LONDON (Reuters) - Scientists have found specific genetic variants which may explain why some people age earlier than others and say their findings have important implications for understanding cancer and age-related diseases.
Dutch and British researchers analyzed more than 500,000 genetic variations from human gene maps and found that people with particular variants near a gene called TERC were likely to be biologically older by 3 to 4 years.
"What our study suggests is that some people are genetically programed to age at a faster rate. The effect was quite considerable in those with the variant," said Tim Spector from King's College London, who co-led the study.

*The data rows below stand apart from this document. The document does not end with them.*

lemma integral_gauss_smoothing:
  fixes f :: "real \<Rightarrow> real"
  assumes n: "n > 0" and f: "integrable lborel f"
  shows "integrable lborel (\<lambda>\<xi>. \<integral>\<eta>. f \<eta> * gauss_kernel n (\<eta> - \<xi>) \<partial>lborel)"
    and "(\<integral>\<xi>. (\<integral>\<eta>. f \<eta> * gauss_kernel n (\<eta> - \<xi>) \<partial>lborel) \<partial>lborel) = (\<integral>\<eta>. f \<eta> \<partial>lborel)"
proof -
  have [measurable]: "f \<in> borel_measurable borel"
    using borel_measurable_integrable[OF f] by simp
  have mass1: "(\<integral>\<xi>. gauss_kernel n (\<eta> - \<xi>) \<partial>lborel) = 1" for \<eta>
    using integral_gauss_kernel[OF n, of \<eta>] by (simp add: gauss_kernel_diff_commute)
  then have mass: "(\<integral>\<xi>. c * gauss_kernel n (\<eta> - \<xi>) \<partial>lborel) = c" for c \<eta>
    by simp
  let ?f = "\<lambda>(\<eta>, \<xi>). f \<eta> * gauss_kernel n (\<eta> - \<xi>)"
  have int: "integrable (lborel \<Otimes>\<^sub>M lborel) ?f"
  proof (rule lborel_pair.Fubini_integrable)
    have "(\<integral>\<xi>. norm (?f (\<eta>, \<xi>)) \<partial>lborel) = \<bar>f \<eta>\<bar>" for \<eta>
      using gauss_kernel_pos[OF n] mass[of "\<bar>f \<eta>\<bar>" \<eta>] by (simp add: abs_mult abs_of_pos)
    then show "integrable lborel (\<lambda>\<eta>. \<integral>\<xi>. norm (?f (\<eta>, \<xi>)) \<partial>lborel)"
      using f by simp
    show "AE \<eta> in lborel. integrable lborel (\<lambda>\<xi>. ?f (\<eta>, \<xi>))"
      using integrable_gauss_kernel[OF n]
      by (intro AE_I2) (simp add: gauss_kernel_diff_commute[of n _ "\<xi>" for \<xi>])
  qed measurable
  show "integrable lborel (\<lambda>\<xi>. \<integral>\<eta>. f \<eta> * gauss_kernel n (\<eta> - \<xi>) \<partial>lborel)"
    using lborel_pair.integrable_snd[of "\<lambda>\<eta> \<xi>. f \<eta> * gauss_kernel n (\<eta> - \<xi>)"] int by simp
  show "(\<integral>\<xi>. (\<integral>\<eta>. f \<eta> * gauss_kernel n (\<eta> - \<xi>) \<partial>lborel) \<partial>lborel) = (\<integral>\<eta>. f \<eta> \<partial>lborel)"
    using lborel_pair.Fubini_integral[of "\<lambda>\<eta> \<xi>. f \<eta> * gauss_kernel n (\<eta> - \<xi>)"] int
    by (simp add: mass1)
qed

In a study published in the Nature Genetics journal, the scientists explained that there are two forms of aging -- chronological aging, counted in years, and biological aging, in which the cells of some people are older, or younger, than their chronological age.
"There is accumulating evidence that the risk of age-associated diseases including heart disease and some types of cancers are more closely related to biological rather than chronological age," said Nilesh Samani, a cardiology professor at Britain's Leicester University, who worked on the study.
The researchers studied structures called telomeres -- protective caps on the ends of chromosomes whose length is associated with cell aging.
Fraying or shortening of telomeres can lead to premature aging and cancer, a finding that helped win the 2009 Nobel Prize for Medicine for three American scientists who discovered an enzyme, telmorase, that helps prevent such fraying.
Scientists have known for some time that the TERC gene, which regulates the length of telomeres, plays a key role in aging and cancer, but Spector said the importance of this study was that it identified particular variants of it in humans that suggest earlier aging is more likely.
"We have known about telomeres for a long time, but finding a common variant in humans that changes them is an important step," he said in a telephone interview.
People carrying a particular variant of the gene had shorter telomeres, and appeared biologically older, the scientists said.
"Given the association of shorter telomeres with age-associated diseases, the finding raises the question whether individuals carrying the variant are at greater risk of developing such diseases," said Samani.